All businesses, regardless of industry, face risks that should be covered by insurance. The most common and comprehensive type of policy business owners invest in is general liability insurance (or CGL).
Some of the risks CGL insurance covers are:
- Bodily injury
- Property damage
- Medical payments
- Legal defense and judgment
- Personal and advertising injury
While businesses aren't legally required to carry general liability insurance, operating without it is extremely risky. If your business is sued, you could end up facing fees totaling hundreds of thousands of dollars (or more). Having a sufficient CGL policy in place to help compensate for these damages is the only way to prevent this type of event from devastating your business.
Learn more about the risks covered by general liability insurance.
COMMON SITUATIONS THAT GENERAL LIABILITY INSURANCE WOULD COVER FOR A BITCOIN MINING COMPANY
Example 1: A repairman is visiting your place of business when he trips over a power cable and breaks her arm. She asks that your business pay for her medical care. You can likely get financial help to pay for her treatment from your general liability policy.
Example 2: One of your competitors files a lawsuit against your business for libel, claiming you caused damage to their company through your latest marketing campaign. A general liability insurance policy you carry will pay for your legal defense when your company is accused of libel. It will also pay for the cost of a settlement if you need to settle out of court.
Example 3: A delivery driver is walking into your building from the parking lot when he slips on some ice and breaks his hip. He decides to sue your business, claiming you should have prevented the ice accumulation or marked it to prevent possible injuries. Your general liability insurance policy will pay for an attorney to defend your business as well as cover the cost of a settlement if one is required.

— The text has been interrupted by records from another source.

definition prule_sat :: "'a set \<Rightarrow> 'a prule \<Rightarrow> bool" where
  "prule_sat M r \<longleftrightarrow>
     ((ppos r \<subseteq> M \<and> (\<forall>n\<in>pneg r. nbody_sat M n)) \<longrightarrow> phead r \<inter> M \<noteq> {})"

definition mods :: "'a set \<Rightarrow> 'a prule set \<Rightarrow> 'a set set" where
  "mods A R = {M. M \<subseteq> A \<and> (\<forall>r\<in>R. prule_sat M r)}"

definition gl_reduct :: "'a set \<Rightarrow> 'a prule set \<Rightarrow> 'a prule set" where
  "gl_reduct I R = {PRule (phead r) (ppos r) {} | r. r \<in> R \<and> (\<forall>n\<in>pneg r. nbody_sat I n)}"

definition answer_sets :: "'a set \<Rightarrow> 'a prule set \<Rightarrow> 'a set set" where
  "answer_sets A R = {M \<in> mods A R. \<not> (\<exists>M'. M' \<subset> M \<and> M' \<in> mods A (gl_reduct M R))}"

definition se_models :: "'a set \<Rightarrow> 'a prule set \<Rightarrow> ('a set \<times> 'a set) set" where
  "se_models A R = {(X, Y). X \<subseteq> Y \<and> Y \<in> mods A R \<and> X \<in> mods A (gl_reduct Y R)}"

definition se_all :: "'a set \<Rightarrow> ('a set \<times> 'a set) set" where
  "se_all A = {(X, Y). X \<subseteq> Y \<and> Y \<subseteq> A}"

text \<open>neg l for an epistemic literal "not l" not in the guess.\<close>
fun lit_neg :: "'a lit \<Rightarrow> 'a nbody" where
  "lit_neg (Pos a) = NAtom a"
| "lit_neg (Neg a) = NNeg a"

text \<open>neg neg l, with neg neg neg a treated as neg a.\<close>
fun lit_negneg :: "'a lit \<Rightarrow> 'a nbody" where
  "lit_negneg (Pos a) = NNeg a"
| "lit_negneg (Neg a) = NAtom a"
lemma not_valid_reinforcement:
  assumes "\<And>n. E n \<subseteq> V n \<times> V n"
    and "(\<lambda>n. measure_pmf.prob (faults (V n) (f+1) (p n))
           {F. \<forall>v\<in>{v \<in> V n. \<exists>w. (v, w) \<in> E n}. \<not> (\<forall>i<f+1. (v, i) \<in> F)}) \<longlonglongrightarrow> 0"
  shows "\<not> valid_reinforcement V E f p"
proof
  assume "valid_reinforcement V E f p"
  then have "(\<lambda>n. measure_pmf.prob (faults (V n) (f+1) (p n))
      {F. strong_sim (silence_detector (V n) (E n)) (V n) (E n) (f+1) F}) \<longlonglongrightarrow> 1"
    unfolding valid_reinforcement_def by (rule allE)
  then have "(\<lambda>n. measure_pmf.prob (faults (V n) (f+1) (p n))
      {F. \<forall>v\<in>{v \<in> V n. \<exists>w. (v, w) \<in> E n}. \<not> (\<forall>i<f+1. (v, i) \<in> F)}) \<longlonglongrightarrow> 1"
    by (rule measure_pmf_prob_tendsto_1_mono) (use not_strong_sim_silence_detector[OF assms(1), of "f+1"] in fastforce)
  then have "(0::real) = 1"
    by (rule LIMSEQ_unique[OF assms(2)])
  then show False
    by simp
qed

theorem theorem4:
  fixes V :: "nat \<Rightarrow> 'v set" and E :: "nat \<Rightarrow> ('v \<times> 'v) set"
    and f :: nat and p :: "nat \<Rightarrow> real"
  assumes finV: "\<And>n. finite (V n)"
    and cardV: "\<And>n. card (V n) = n"
    and EV: "\<And>n. E n \<subseteq> V n \<times> V n"
    and p01: "\<And>n. 0 \<le> p n \<and> p n \<le> 1"
  shows
    "(p \<in> o(\<lambda>n. real n powr (- 1 / real (f + 1))) \<longrightarrow>
       (\<lambda>n. measure_pmf.prob (faults (V n) (f+1) (p n))
              {F. \<forall>v \<in> V n. \<not> (\<forall>i < f+1. (v, i) \<in> F)}) \<longlonglongrightarrow> 1
     \<and> (\<forall>A :: nat \<Rightarrow> ('v, 's, 'm, 'i) algorithm.
          (\<lambda>n. measure_pmf.prob (faults (V n) (f+1) (p n))
                 {F. strong_sim (A n) (V n) (E n) (f+1) F}) \<longlonglongrightarrow> 1))
   \<and> ((\<lambda>n. real (card {v \<in> V n. \<exists>w. (v, w) \<in> E n})) \<in> \<Omega>(\<lambda>n. real n)
       \<and> p \<in> \<omega>(\<lambda>n. real n powr (- 1 / real (f + 1))) \<longrightarrow>
       (\<lambda>n. measure_pmf.prob (faults (V n) (f+1) (p n))
              {F. \<exists>v \<in> V n. (\<exists>w. (v, w) \<in> E n) \<and> (\<forall>i < f+1. (v, i) \<in> F)}) \<longlonglongrightarrow> 1
     \<and> \<not> valid_reinforcement V E f p)"
proof -
  let ?P = "\<lambda>n. measure_pmf.prob (faults (V n) (f+1) (p n))"
  define S where "S n = {v \<in> V n. \<exists>w. (v, w) \<in> E n}" for n
  have SV: "S n \<subseteq> V n" for n
    by (auto simp: S_def)
  show ?thesis
    unfolding S_def[symmetric]
  proof (intro conjI impI allI; (elim conjE)?)
    assume small: "p \<in> o(\<lambda>n. real n powr (- 1 / real (f + 1)))"
    show "(\<lambda>n. ?P n {F. \<forall>v \<in> V n. \<not> (\<forall>i < f+1. (v, i) \<in> F)}) \<longlonglongrightarrow> 1"
      by (rule prob_no_fully_faulty_tendsto_1[OF finV cardV p01 small]) simp
    then show "(\<lambda>n. ?P n {F. strong_sim (A n) (V n) (E n) (f+1) F}) \<longlonglongrightarrow> 1" for A
      by (rule measure_pmf_prob_tendsto_1_mono) (auto intro: strong_sim_if_some_copy_correct)
  next
    assume dense: "(\<lambda>n. real (card (S n))) \<in> \<Omega>(\<lambda>n. real n)"
      and large: "p \<in> \<omega>(\<lambda>n. real n powr (- 1 / real (f + 1)))"
    have "{F. \<exists>v\<in>S n. \<forall>i<f+1. (v, i) \<in> F}
        = {F. \<exists>v \<in> V n. (\<exists>w. (v, w) \<in> E n) \<and> (\<forall>i < f+1. (v, i) \<in> F)}" for n
      by (auto simp: S_def)
    then show "(\<lambda>n. ?P n {F. \<exists>v \<in> V n. (\<exists>w. (v, w) \<in> E n) \<and> (\<forall>i < f+1. (v, i) \<in> F)}) \<longlonglongrightarrow> 1"
      using prob_some_fully_faulty_tendsto_1[OF finV SV p01 dense large]
      by simp
    show "\<not> valid_reinforcement V E f p"
      using prob_no_fully_faulty_tendsto_0[OF finV SV p01 dense large]
      by (intro not_valid_reinforcement[OF EV]) (simp add: S_def)
  qed
qed
definition outer2 :: "(nat \<times> nat \<Rightarrow> complex) \<Rightarrow> (nat \<times> nat \<Rightarrow> complex) \<Rightarrow> qqmat" where
  "outer2 a b = (\<lambda>p q. if p \<in> idx2 \<and> q \<in> idx2 then a p * cnj (b q) else 0)"

definition psi_plus :: "nat \<times> nat \<Rightarrow> complex" where
  "psi_plus = (\<lambda>p. complex_of_real (1 / sqrt 2) * (ket2 0 1 p + ket2 1 0 p))"

end

theory Submission
  imports Defs
begin

(* In the basis |00>,|01>,|10>,|11> the state rho(x1,x2) has the block
   [[1/3, s, s, 0], [s', 1/3, 1/3, 0], [s', 1/3, 1/3, 0], [0,0,0,0]] (s' = conj s) with the coherence
   s = (x1 - i x2) sqrt 2 / 4.  For product vectors a (x) b, writing A = a0 b0 and
   X = a0 b1 + a1 b0, the overlap <a b| rho |a b> therefore equals
       |A|^2/3 + |X|^2/3 + 2 Re (s X conj A).
   For s = 0 the polynomial identity 4 - 3(p0^2 q0^2 + (p0 q1 + p1 q0)^2)
   = (p0 q0 - 2 p1 q1)^2 + (p0 q1 - p1 q0)^2 (on unit vectors) bounds the overlap by 4/9,
   and the trial vector a = b = (sqrt(2/3), sqrt(1/3)) attains it, so g(rho(0,0)) = 4/9.
   For s <> 0 the same trial vector with the phase of its second component chosen as
   conj s / |s| keeps the first two terms at 4/9 and makes the cross term strictly positive,
   so g(rho(x1,x2)) > 4/9.  The file first computes the matrix entries of rho, then the
   overlap formula, the bounds, the trial vectors, and finally assembles the theorem. *)

lemma idx2_eq: "idx2 = {(0,0),(0,1),(1,0),(1,1)}"
  unfolding idx2_def idx1_def by auto

definition coherence :: "real \<Rightarrow> real \<Rightarrow> complex" where
  "coherence x1 x2 = (complex_of_real x1 - \<i> * complex_of_real x2) * complex_of_real (sqrt 2 / 4)"

lemma coherence_zero: "coherence 0 0 = 0"
  unfolding coherence_def by simp

lemma coherence_nonzero:
  assumes "x1\<^sup>2 + x2\<^sup>2 > 0"
  shows "coherence x1 x2 \<noteq> 0"
proof
  assume "coherence x1 x2 = 0"
  then have "Re (coherence x1 x2) = 0" "Im (coherence x1 x2) = 0" by simp_all
  then have "x1 = 0" "x2 = 0" unfolding coherence_def by auto
  with assms show False by simp
qed

lemma rhoW_entries:
  shows "rhoW x1 x2 (0,0) (0,0) = 1/3" "rhoW x1 x2 (0,1) (0,1) = 1/3"
    "rhoW x1 x2 (1,0) (1,0) = 1/3" "rhoW x1 x2 (0,1) (1,0) = 1/3" "rhoW x1 x2 (1,0) (0,1) = 1/3"
    "rhoW x1 x2 (0,0) (0,1) = coherence x1 x2" "rhoW x1 x2 (0,0) (1,0) = coherence x1 x2"
    "rhoW x1 x2 (0,1) (0,0) = cnj (coherence x1 x2)"
    "rhoW x1 x2 (1,0) (0,0) = cnj (coherence x1 x2)"
    "rhoW x1 x2 (1,1) (j,l) = 0" "rhoW x1 x2 (j,l) (1,1) = 0"
  unfolding coherence_def rhoW_def Sigma0_def Sigma1_def Sigma2_def Sigma3_def sig_def tau_def
    sigtau_def Id2_def tensor_def pauli_def id1_def sin_45 cos_45
  by (simp_all add: field_simps)
(* Let $S$ be a $\mathcal{C}$-semigroup with $S\ne\mathcal{C}$ and genus $g$. Then $S$ is symmetric if and only if $2g=\mathcal{F}(S)$.
   Context: An integer cone $\mathcal{C}\subseteq\mathbb{N}^p$ is the set of integer points of a finitely generated rational cone in $\mathbb{Q}_{\ge0}^p$. A $\mathcal{C}$-semigroup is a subset $S\subseteq\mathcal{C}$ containing $0$, closed under addition, with $\mathcal{C}\setminus S$ finite; $\mathcal{H}(S)=\mathcal{C}\setminus S$, $g=g(S)=\#\mathcal{H}(S)$. A monomial order $\preceq$ on $\mathbb{N}^p$ is fixed (total order, compatible with addition, $\mathbf 0\preceq\mathbf c$ for all $\mathbf c$), and $F(S)=\max_\preceq\mathcal{H}(S)$. $\mathrm{PF}(S)=\{\mathbf x\in\mathcal{H}(S)\mid \mathbf x+(S\setminus\{0\})\subseteq S\}$; $S$ is symmetric if $\mathrm{PF}(S)=\{F(S)\}$. $\mathbf x\le_{\mathcal{C}}\mathbf y$ means $\mathbf y-\mathbf x\in\mathcal{C}$; $I_S(\mathbf n)=\{\mathbf s\in S\mid \mathbf s\le_{\mathcal{C}}\mathbf n\}$. The generalized Frobenius number is $\mathcal{F}(S)=\#I_S(F(S))+g(S)$. *)

theory Defs
  imports Complex_Main "HOL-Library.Function_Algebras"
begin

text \<open>Points of N^p are functions 'n => nat for a finite index type 'n (p = CARD('n)).
  Addition and zero are pointwise (HOL-Library.Function_Algebras).\<close>

definition integer_cone :: "('n::finite \<Rightarrow> nat) set \<Rightarrow> bool" where
  "integer_cone C \<longleftrightarrow>
     (\<exists>G :: ('n \<Rightarrow> rat) set. finite G \<and> (\<forall>g\<in>G. \<forall>i. g i \<ge> 0) \<and>
        C = {x. \<exists>l :: ('n \<Rightarrow> rat) \<Rightarrow> rat. (\<forall>g\<in>G. l g \<ge> 0) \<and>
                    (\<forall>i. of_nat (x i) = (\<Sum>g\<in>G. l g * g i))})"

definition C_semigroup :: "('n::finite \<Rightarrow> nat) set \<Rightarrow> ('n \<Rightarrow> nat) set \<Rightarrow> bool" where
  "C_semigroup C S \<longleftrightarrow> integer_cone C \<and> S \<subseteq> C \<and> 0 \<in> S \<and>
     (\<forall>a\<in>S. \<forall>b\<in>S. a + b \<in> S) \<and> finite (C - S)"

definition monomial_order :: "(('n::finite \<Rightarrow> nat) \<Rightarrow> ('n \<Rightarrow> nat) \<Rightarrow> bool) \<Rightarrow> bool" where
  "monomial_order le \<longleftrightarrow>
     (\<forall>a. le a a) \<and> (\<forall>a b. le a b \<and> le b a \<longrightarrow> a = b) \<and>
     (\<forall>a b c. le a b \<and> le b c \<longrightarrow> le a c) \<and> (\<forall>a b. le a b \<or> le b a) \<and>
     (\<forall>a b c. le a b \<longrightarrow> le (a + c) (b + c)) \<and> (\<forall>c. le 0 c)"

definition gaps :: "('n \<Rightarrow> nat) set \<Rightarrow> ('n \<Rightarrow> nat) set \<Rightarrow> ('n \<Rightarrow> nat) set" where
  "gaps C S = C - S"

definition genus :: "('n \<Rightarrow> nat) set \<Rightarrow> ('n \<Rightarrow> nat) set \<Rightarrow> nat" where
  "genus C S = card (gaps C S)"

definition frob :: "(('n \<Rightarrow> nat) \<Rightarrow> ('n \<Rightarrow> nat) \<Rightarrow> bool) \<Rightarrow> ('n \<Rightarrow> nat) set \<Rightarrow> ('n \<Rightarrow> nat) set \<Rightarrow> ('n \<Rightarrow> nat)" where
  "frob le C S = (THE x. x \<in> gaps C S \<and> (\<forall>y\<in>gaps C S. le y x))"

definition pseudo_frob :: "('n \<Rightarrow> nat) set \<Rightarrow> ('n \<Rightarrow> nat) set \<Rightarrow> ('n \<Rightarrow> nat) set" where
  "pseudo_frob C S = {x \<in> gaps C S. \<forall>s\<in>S - {0}. x + s \<in> S}"

definition symmetric_Csg :: "(('n \<Rightarrow> nat) \<Rightarrow> ('n \<Rightarrow> nat) \<Rightarrow> bool) \<Rightarrow> ('n \<Rightarrow> nat) set \<Rightarrow> ('n \<Rightarrow> nat) set \<Rightarrow> bool" where
  "symmetric_Csg le C S \<longleftrightarrow> pseudo_frob C S = {frob le C S}"

text \<open>x \<le>_C y iff y - x \<in> C (the difference taken in Z^p).\<close>
definition cone_le :: "('n \<Rightarrow> nat) set \<Rightarrow> ('n \<Rightarrow> nat) \<Rightarrow> ('n \<Rightarrow> nat) \<Rightarrow> bool" where
  "cone_le C x y \<longleftrightarrow> (\<exists>c\<in>C. y = x + c)"

definition I_S :: "('n \<Rightarrow> nat) set \<Rightarrow> ('n \<Rightarrow> nat) set \<Rightarrow> ('n \<Rightarrow> nat) \<Rightarrow> ('n \<Rightarrow> nat) set" where
  "I_S C S n = {s \<in> S. cone_le C s n}"

definition gen_frob :: "(('n \<Rightarrow> nat) \<Rightarrow> ('n \<Rightarrow> nat) \<Rightarrow> bool) \<Rightarrow> ('n \<Rightarrow> nat) set \<Rightarrow> ('n \<Rightarrow> nat) set \<Rightarrow> nat" where
  "gen_frob le C S = card (I_S C S (frob le C S)) + genus C S"

end

theory Submission
  imports Defs
begin

text \<open>A gap that is maximal, in the monomial order, among its translates h + s (s \<in> S) that
  are still gaps is pseudo-Frobenius. Hence F is pseudo-Frobenius, and every gap has a
  pseudo-Frobenius translate; so S is symmetric iff every gap h has the form F - s with
  s \<in> I_S(F). The reflection s \<mapsto> F - s maps I_S(F) injectively into the gaps (F - s \<in> S
  would force F \<in> S), so #I_S(F) \<le> g, with equality exactly when the reflection is onto
  the gaps, i.e. exactly when S is symmetric.\<close>

lemma monomial_order_refl: "monomial_order le \<Longrightarrow> le a a"
  unfolding monomial_order_def by blast

lemma monomial_order_total: "monomial_order le \<Longrightarrow> le a b \<or> le b a"
  unfolding monomial_order_def by blast

lemma monomial_order_antisym: "monomial_order le \<Longrightarrow> le a b \<Longrightarrow> le b a \<Longrightarrow> a = b"
  unfolding monomial_order_def by blast

lemma monomial_order_trans: "monomial_order le \<Longrightarrow> le a b \<Longrightarrow> le b c \<Longrightarrow> le a c"
  unfolding monomial_order_def by blast

lemma monomial_order_le_add_right:
  assumes "monomial_order le" shows "le x (x + s)"
proof -
  have "le (0 + x) (s + x)"
    using assms unfolding monomial_order_def by blast
  then show ?thesis by (simp add: add.commute)
qed

lemma monomial_order_finite_has_max:
  assumes mo: "monomial_order le" and "finite A" "A \<noteq> {}"
  shows "\<exists>x\<in>A. \<forall>y\<in>A. le y x"
  using assms(2,3)
proof (induction A rule: finite_ne_induct)
  case (singleton x)
  then show ?case by (simp add: monomial_order_refl[OF mo])
next
  case (insert a A)
  then obtain x where x: "x \<in> A" "\<forall>y\<in>A. le y x" by blast
  show ?case
  proof (cases "le a x")
    case True
    then show ?thesis using x by auto
  next
    case False
    then have "le x a" using monomial_order_total[OF mo] by blast
    with x have "\<forall>y\<in>insert a A. le y a"
      using monomial_order_refl[OF mo] monomial_order_trans[OF mo] by blast
    then show ?thesis by blast
  qed
qed

lemma integer_cone_add:
  assumes "integer_cone C" "x \<in> C" "y \<in> C" shows "x + y \<in> C"
proof -
  obtain G where C: "C = {x. \<exists>l :: ('a \<Rightarrow> rat) \<Rightarrow> rat. (\<forall>g\<in>G. l g \<ge> 0) \<and>
                    (\<forall>i. of_nat (x i) = (\<Sum>g\<in>G. l g * g i))}"
    using assms(1) unfolding integer_cone_def by blast
  obtain l1 where l1: "\<forall>g\<in>G. l1 g \<ge> 0" "\<forall>i. of_nat (x i) = (\<Sum>g\<in>G. l1 g * g i)"
    using assms(2) C by blast
  obtain l2 where l2: "\<forall>g\<in>G. l2 g \<ge> 0" "\<forall>i. of_nat (y i) = (\<Sum>g\<in>G. l2 g * g i)"
    using assms(3) C by blast
  have "\<forall>g\<in>G. l1 g + l2 g \<ge> 0" using l1 l2 by auto
  moreover have "\<forall>i. of_nat ((x + y) i) = (\<Sum>g\<in>G. (l1 g + l2 g) * g i)"
    using l1(2) l2(2) by (simp add: distrib_right sum.distrib)
  ultimately show ?thesis
    unfolding C mem_Collect_eq by (intro exI[of _ "\<lambda>g. l1 g + l2 g"] conjI)
qed

lemma frob_max_gap:
  assumes mo: "monomial_order le" and "finite (gaps C S)" "gaps C S \<noteq> {}"
  shows "frob le C S \<in> gaps C S" and "\<forall>y\<in>gaps C S. le y (frob le C S)"
proof -
  obtain x where x: "x \<in> gaps C S" "\<forall>y\<in>gaps C S. le y x"
    using monomial_order_finite_has_max[OF assms] by blast
  have "frob le C S = x" unfolding frob_def
  proof (rule the_equality)
    fix z assume "z \<in> gaps C S \<and> (\<forall>y\<in>gaps C S. le y z)"
    with x show "z = x" by (blast intro: monomial_order_antisym[OF mo])
  qed (use x in blast)
  with x show "frob le C S \<in> gaps C S" and "\<forall>y\<in>gaps C S. le y (frob le C S)" by auto
qed

lemma pseudo_frobI_maximal_translate:
  assumes mo: "monomial_order le" and "integer_cone C" "S \<subseteq> C"
    and x: "x \<in> gaps C S" and max: "\<And>s. s \<in> S \<Longrightarrow> x + s \<in> gaps C S \<Longrightarrow> le (x + s) x"
  shows "x \<in> pseudo_frob C S"
proof -
  have "x + s \<in> S" if s: "s \<in> S - {0}" for s
  proof (rule ccontr)
    assume "x + s \<notin> S"
    moreover have "x + s \<in> C" using integer_cone_add assms(2,3) x s by (auto simp: gaps_def)
    ultimately have "le (x + s) x" using max s by (simp add: gaps_def)
    then have "x + s = x"
      using monomial_order_antisym[OF mo] monomial_order_le_add_right[OF mo] by blast
    with s show False by simp
  qed
  with x show ?thesis by (simp add: pseudo_frob_def)
qed

lemma frob_in_pseudo_frob:
  assumes mo: "monomial_order le" and "C_semigroup C S" "S \<noteq> C"
  shows "frob le C S \<in> pseudo_frob C S"
proof -
  have cone: "integer_cone C" and SC: "S \<subseteq> C" and fin: "finite (gaps C S)"
    using assms(2) by (auto simp: C_semigroup_def gaps_def)
  have "gaps C S \<noteq> {}" using SC assms(3) by (auto simp: gaps_def)
  note F = frob_max_gap[OF mo fin this]
  show ?thesis
  proof (rule pseudo_frobI_maximal_translate[OF mo cone SC F(1)])
    fix s assume "frob le C S + s \<in> gaps C S"
    with F(2) show "le (frob le C S + s) (frob le C S)" by blast
  qed
qed

lemma gap_translate_pseudo_frob:
  fixes C S :: "('n::finite \<Rightarrow> nat) set" and le :: "('n \<Rightarrow> nat) \<Rightarrow> ('n \<Rightarrow> nat) \<Rightarrow> bool"
  assumes mo: "monomial_order le" and sg: "C_semigroup C S" and h: "h \<in> gaps C S"
  shows "\<exists>s\<in>S. h + s \<in> pseudo_frob C S"
proof -
  define X where "X = {x \<in> gaps C S. \<exists>s\<in>S. x = h + s}"
  have fin: "finite (gaps C S)" and "0 \<in> S" using sg by (simp_all add: C_semigroup_def gaps_def)
  have "finite X" by (rule finite_subset[OF _ fin]) (auto simp: X_def)
  moreover have "h \<in> X" unfolding X_def using h \<open>0 \<in> S\<close> by (auto intro: bexI[of _ 0])
  ultimately obtain x where x: "x \<in> X" "\<forall>y\<in>X. le y x"
    using monomial_order_finite_has_max[OF mo] by blast
  then obtain s0 where s0: "s0 \<in> S" "x = h + s0" and xg: "x \<in> gaps C S" by (auto simp: X_def)
  have "x \<in> pseudo_frob C S"
  proof (rule pseudo_frobI_maximal_translate[OF mo _ _ xg])
    fix s assume "s \<in> S" "x + s \<in> gaps C S"
    moreover have "s0 + s \<in> S" using sg s0 \<open>s \<in> S\<close> by (simp add: C_semigroup_def)
    ultimately have "x + s \<in> X" using s0 by (auto simp: X_def add.assoc)
    with x show "le (x + s) x" by blast
  qed (use sg in \<open>simp_all add: C_semigroup_def\<close>)
  with s0 show ?thesis by blast
qed

lemma mem_I_S_iff: "s \<in> I_S C S f \<longleftrightarrow> s \<in> S \<and> (\<exists>c\<in>C. f = s + c)"
  by (simp add: I_S_def cone_le_def)

lemma reflection_I_S_subset_gaps:
  assumes "C_semigroup C S" "f \<in> gaps C S"
  shows "(\<lambda>s. f - s) ` I_S C S f \<subseteq> gaps C S"
proof
  fix h assume "h \<in> (\<lambda>s. f - s) ` I_S C S f"
  then obtain s c where "s \<in> S" "c \<in> C" "f = s + c" "h = c" by (auto simp: mem_I_S_iff)
  with assms show "h \<in> gaps C S" by (auto simp: C_semigroup_def gaps_def)
qed

lemma inj_on_reflection_I_S: "inj_on (\<lambda>s. f - s) (I_S C S f)"
proof (rule inj_onI)
  fix a b assume "a \<in> I_S C S f" "b \<in> I_S C S f" and eq: "f - a = f - b"
  then obtain c d where "f = a + c" "f = b + d" unfolding mem_I_S_iff by blast
  with eq show "a = b" by (metis add_diff_cancel_left' add_right_cancel)
qed

lemma gen_frob_eq_twice_genus_iff:
  assumes "monomial_order le" "C_semigroup C S" "S \<noteq> C"
  defines "F \<equiv> frob le C S"
  shows "2 * genus C S = gen_frob le C S \<longleftrightarrow> (\<lambda>s. F - s) ` I_S C S F = gaps C S"
proof -
  have fin: "finite (gaps C S)" using assms(2) by (simp add: C_semigroup_def gaps_def)
  have F: "F \<in> gaps C S"
    using frob_in_pseudo_frob[OF assms(1-3)] by (simp add: F_def pseudo_frob_def)
  have card: "card ((\<lambda>s. F - s) ` I_S C S F) = card (I_S C S F)"
    by (rule card_image[OF inj_on_reflection_I_S])
  show ?thesis
  proof
    assume "2 * genus C S = gen_frob le C S"
    then have "card ((\<lambda>s. F - s) ` I_S C S F) = card (gaps C S)"
      using card by (simp add: gen_frob_def genus_def F_def)
    then show "(\<lambda>s. F - s) ` I_S C S F = gaps C S"
      using card_subset_eq[OF fin reflection_I_S_subset_gaps[OF assms(2) F]] by simp
  qed (use card in \<open>simp add: gen_frob_def genus_def F_def\<close>)
qed

lemma symmetric_iff_reflection_onto_gaps:
  assumes mo: "monomial_order le" and sg: "C_semigroup C S" and "S \<noteq> C"
  defines "F \<equiv> frob le C S"
  shows "symmetric_Csg le C S \<longleftrightarrow> (\<lambda>s. F - s) ` I_S C S F = gaps C S"
proof -
  have F: "F \<in> pseudo_frob C S" using frob_in_pseudo_frob[OF assms(1-3)] by (simp add: F_def)
  then have "F \<in> gaps C S" by (simp add: pseudo_frob_def)
  note into = reflection_I_S_subset_gaps[OF sg this]
  have "(\<lambda>s. F - s) ` I_S C S F = gaps C S" if sym: "pseudo_frob C S = {F}"
  proof -
    have "h \<in> (\<lambda>s. F - s) ` I_S C S F" if h: "h \<in> gaps C S" for h
    proof -
      obtain s where s: "s \<in> S" "h + s \<in> pseudo_frob C S"
        using gap_translate_pseudo_frob[OF mo sg h] by blast
      with sym have "F = s + h" by (simp add: add.commute)
      with s h have "s \<in> I_S C S F" by (auto simp: mem_I_S_iff gaps_def)
      moreover have "h = F - s" using \<open>F = s + h\<close> by simp
      ultimately show ?thesis by blast
    qed
    with into show ?thesis by blast
  qed
  moreover have "pseudo_frob C S = {F}" if onto: "(\<lambda>s. F - s) ` I_S C S F = gaps C S"
  proof -
    have "h = F" if h: "h \<in> pseudo_frob C S" for h
    proof (rule ccontr)
      assume "h \<noteq> F"
      from h onto have "h \<in> (\<lambda>s. F - s) ` I_S C S F" by (simp add: pseudo_frob_def)
      then obtain s where "s \<in> I_S C S F" "h = F - s" by blast
      then obtain c where s: "s \<in> S" "F = s + c" "h = c" unfolding mem_I_S_iff by auto
      with \<open>h \<noteq> F\<close> have "s \<in> S - {0}" by auto
      with h have "h + s \<in> S" by (simp add: pseudo_frob_def)
      moreover have "h + s = F" using s(2,3) by (simp add: add.commute)
      ultimately show False using F by (simp add: pseudo_frob_def gaps_def)
    qed
    with F show ?thesis by blast
  qed
  ultimately show ?thesis unfolding symmetric_Csg_def F_def by blast
qed

theorem mainTheorem6:
  fixes C S :: "('n::finite \<Rightarrow> nat) set"
    and le :: "('n \<Rightarrow> nat) \<Rightarrow> ('n \<Rightarrow> nat) \<Rightarrow> bool"
  assumes "monomial_order le"
    and "C_semigroup C S"
    and "S \<noteq> C"
  shows "symmetric_Csg le C S \<longleftrightarrow> 2 * genus C S = gen_frob le C S"
  using symmetric_iff_reflection_onto_gaps[OF assms] gen_frob_eq_twice_genus_iff[OF assms]
  by simp

end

Of course, this is not an exhaustive list of perils a general liability insurance policy will cover, and some conditions may result in a particular peril not being covered. It's always best to talk to your agent in-depth about the specifics of your policy to avoid blind spots in coverage.
On average, bitcoin mining companies in America spend between $350 - $900 per year for $1 million in general liability coverage.
Check out the chart below for a snapshot of average CGL expenditure across a variety of industries:
Several factors will determine the price of your policy. These include your:
- Number of employees
- Per-occurrence limit
- General aggregate limit
You may be able to acquire general liability insurance at a discounted rate by purchasing it as part of a business owner's policy (BOP) rather than as a standalone policy. A BOP is a more comprehensive solution that includes multiple forms of coverage, such as business interruption and property insurance.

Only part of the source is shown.